## [Your goal]
Scan the data for "auto" and copy each matching line.

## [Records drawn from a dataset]

◆ ◆ ◆ ◆

lemma divide_square_diff_increment_strict_antimono:
  fixes a b y1 y2 :: real
  assumes "0 \<le> y1" "y1 < y2" "y2 < 1" "1 \<le> a" "a < b"
  shows "b / (b\<^sup>2 - y2) - b / (b\<^sup>2 - y1) < a / (a\<^sup>2 - y2) - a / (a\<^sup>2 - y1)"
proof -
  have "1 \<le> a\<^sup>2" "a\<^sup>2 < b\<^sup>2"
    using assms by (auto intro: one_le_power power_strict_mono)
  then have squares: "y2 < a\<^sup>2" "a\<^sup>2 < b\<^sup>2"
    using assms by linarith+
  have increment: "c / (c\<^sup>2 - y2) - c / (c\<^sup>2 - y1) = (y2 - y1) * (c / (c\<^sup>2 - y1) * (1 / (c\<^sup>2 - y2)))"
    if "y2 < c\<^sup>2" for c :: real
    using that assms by (simp add: field_simps)
  \<comment> \<open>Both factors are positive and strictly decreasing in \<open>c \<ge> 1\<close>.\<close>
  have "b / (b\<^sup>2 - y1) * (1 / (b\<^sup>2 - y2)) < a / (a\<^sup>2 - y1) * (1 / (a\<^sup>2 - y2))"
  proof (rule mult_strict_mono)
    show "b / (b\<^sup>2 - y1) < a / (a\<^sup>2 - y1)"
      using assms by (intro divide_square_diff_strict_antimono) auto
    show "1 / (b\<^sup>2 - y2) < 1 / (a\<^sup>2 - y2)"
      using assms squares by (intro divide_strict_left_mono mult_pos_pos) linarith+
    show "0 < a / (a\<^sup>2 - y1)" "0 \<le> 1 / (b\<^sup>2 - y2)"
      using assms squares by auto
  qed
  then have "(y2 - y1) * (b / (b\<^sup>2 - y1) * (1 / (b\<^sup>2 - y2)))
      < (y2 - y1) * (a / (a\<^sup>2 - y1) * (1 / (a\<^sup>2 - y2)))"
    using assms by (intro mult_strict_left_mono) auto
  then show ?thesis
    using increment[of a] increment[of b] squares by simp
qed

lemma A_term_eq: "A_term k y = 2 * ((2 * real k + 1) / ((2 * real k + 1)\<^sup>2 - y))"
  by (simp add: A_term_def algebra_simps)

lemma A_term_denominator_pos: "y < 1 \<Longrightarrow> 0 < (2 * real k + 1)\<^sup>2 - y"
  using one_le_power[of "2 * real k + 1" 2] by linarith

lemma A_term_pos: "y < 1 \<Longrightarrow> 0 < A_term k y"
  unfolding A_term_def using A_term_denominator_pos[of y k] by (intro divide_pos_pos) auto

lemma A_term_strict_antimono: "0 \<le> y \<Longrightarrow> y < 1 \<Longrightarrow> k < m \<Longrightarrow> A_term m y < A_term k y"
  unfolding A_term_eq by (intro mult_strict_left_mono divide_square_diff_strict_antimono) auto

lemma A_term_tendsto_zero: "(\<lambda>k. A_term k y) \<longlonglongrightarrow> 0"
  unfolding A_term_def by real_asymp

lemma A_term_continuous_on: "d < 1 \<Longrightarrow> continuous_on {0..d} (A_term k)"
  unfolding A_term_def
  by (intro continuous_intros)
     (metis A_term_denominator_pos atLeastAtMost_iff le_less_trans less_irrefl)

definition A_pair :: "nat \<Rightarrow> real \<Rightarrow> real" where
  "A_pair k y = A_term (2 * k) y - A_term (2 * k + 1) y"

lemma A_series_sums:
  assumes "0 \<le> y" "y < 1"
  shows "(\<lambda>k. (-1) ^ k * A_term k y) sums A_series y"
proof -
  have "summable (\<lambda>k. (-1) ^ k * A_term k y)"
    using assms A_term_tendsto_zero
    by (intro summable_Leibniz'(1)) (auto intro: less_imp_le A_term_pos A_term_strict_antimono)
  then show ?thesis
    by (simp add: A_series_def summable_sums)
qed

◆ ◆ ◆ ◆

## [Solution to the problem]
    using assms by (auto intro: one_le_power power_strict_mono)
      using assms by (intro divide_square_diff_strict_antimono) auto
      using assms squares by auto
    using assms by (intro mult_strict_left_mono) auto
  unfolding A_term_def using A_term_denominator_pos[of y k] by (intro divide_pos_pos) auto
  unfolding A_term_eq by (intro mult_strict_left_mono divide_square_diff_strict_antimono) auto
    by (intro summable_Leibniz'(1)) (auto intro: less_imp_le A_term_pos A_term_strict_antimono)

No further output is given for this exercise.